We have always attempted to ensure staff dress in a professional manner, which means bottle-green uniforms for the nurses, white tunics for the vets, and sweatshirts with the practice name on for all front desk personnel. But, this morning, yet another glossy brochure arrived on my desk, a work wear catalogue full of what is now apparently suitable apparel for modern vets. This prompted suggestions from certain staff members that we need to update our uniforms, for it would seem that it is no longer sufficient to be smartly dressed – we need to be seen wearing the latest fashion. From the brochures it would appear that there are various options, one of which is brightly coloured tunics covered in smiling cartoon animals. And if you want to go the extra mile, surgical clogs decorated with paw prints or zebra stripes are the must-have accessory.
Now, setting aside the cost implications of kitting out an entire practice workforce with new clobber, there seem to be several matters to consider before we gaily divest ourselves of the green uniforms or white tunics. Should we go for the cartoons, and look as if we've strayed out of a child's comic? Maybe we should opt for coloured overalls – in-your-face purple, a becoming royal blue, or a primrose yellow – which may at least avoid ‘white-coat syndrome’ in our patients, although garish tunics may simply mean pets will show ‘coloured-coat syndrome’ instead.
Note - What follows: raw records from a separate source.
lemma same_ground_eigenvalue_iff:
  assumes m: "m \<in> ker\<delta>\<^sub>0" and m': "m' \<in> ker\<delta>\<^sub>0"
  shows "same_ground_eigenvalue K d G dG (Qop (cochains K G 0) m) (Qop (cochains K G 0) m')
    \<longleftrightarrow> (\<forall>f\<in>Z. m f = m' f)"
proof
  assume same: "same_ground_eigenvalue K d G dG (Qop (cochains K G 0) m) (Qop (cochains K G 0) m')"
  show "\<forall>f\<in>Z. m f = m' f"
  proof
    fix f assume "f \<in> Z"
    then have f: "f \<in> cochains K G 0" using cocycles_subset by blast
    obtain c where c: "Qop (cochains K G 0) m (A0 K d G dG (ket f)) = (\<lambda>g. c * A0 K d G dG (ket f) g)"
      "Qop (cochains K G 0) m' (A0 K d G dG (ket f)) = (\<lambda>g. c * A0 K d G dG (ket f) g)"
      using same \<open>f \<in> Z\<close> unfolding same_ground_eigenvalue_def by blast
    have "m f * A0 K d G dG (ket f) f = c * A0 K d G dG (ket f) f"
      using fun_cong[OF c(1), of f] A0_ket_eigenvector[OF m f] by simp
    moreover have "m' f * A0 K d G dG (ket f) f = c * A0 K d G dG (ket f) f"
      using fun_cong[OF c(2), of f] A0_ket_eigenvector[OF m' f] by simp
    ultimately show "m f = m' f" using A0_ket_nonzero[OF f] by simp
  qed
next
  assume agree: "\<forall>f\<in>Z. m f = m' f"
  show "same_ground_eigenvalue K d G dG (Qop (cochains K G 0) m) (Qop (cochains K G 0) m')"
    unfolding same_ground_eigenvalue_def
  proof (intro ballI exI conjI)
    fix f assume "f \<in> Z"
    then have f: "f \<in> cochains K G 0" using cocycles_subset by blast
    show "Qop (cochains K G 0) m (A0 K d G dG (ket f)) = (\<lambda>g. m f * A0 K d G dG (ket f) g)"
      by (rule A0_ket_eigenvector[OF m f])
    show "Qop (cochains K G 0) m' (A0 K d G dG (ket f)) = (\<lambda>g. m f * A0 K d G dG (ket f) g)"
      using A0_ket_eigenvector[OF m' f] agree \<open>f \<in> Z\<close> by simp
  qed
qed

lemma Qrel_iff:
  assumes "m \<in> ker\<delta>\<^sub>0" "m' \<in> ker\<delta>\<^sub>0"
  shows "(Qop (cochains K G 0) m, Qop (cochains K G 0) m') \<in> Qrel K d G dG
    \<longleftrightarrow> mbar K d G dG m = mbar K d G dG m'"
proof -
  have "Qop (cochains K G 0) m \<in> Qops K d G dG" "Qop (cochains K G 0) m' \<in> Qops K d G dG"
    using assms unfolding Qops_def by blast+
  then show ?thesis
    unfolding Qrel_def using same_ground_eigenvalue_iff[OF assms] mbar_eq_iff[OF assms] by simp
qed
Or do we go for the smart but dressed down image, choosing polo shirts, quilted waistcoats and matching baseball caps in the practice colours, complete with our logo on everything? Do we then get everyone's name embroidered on their clothes? This would at least stop moans about uniforms getting mixed up in the wash – but what if a staff member leaves as soon as their work wardrobe has been personalised for them? And, if we do put the practice name on garments, do we then need to consider how to dispose of them when they've reached a state where they are no longer smart? Should we cut the logo out before binning them? Or even burn the clothes to ensure they don't end up in a charity shop, in case some member of the public ends up parading around town in tatty practice clothes (or, worse, discover that someone is wearing them to imply that they work for the practice)?
Now, having started on this topic I had worried that I may not, as it were, have enough material to allow me to stitch together a column about clothing, but in fact it would seem that there's more than enough, and I've managed to cover everything of importance. Mr Twain, I presume, would be very relieved.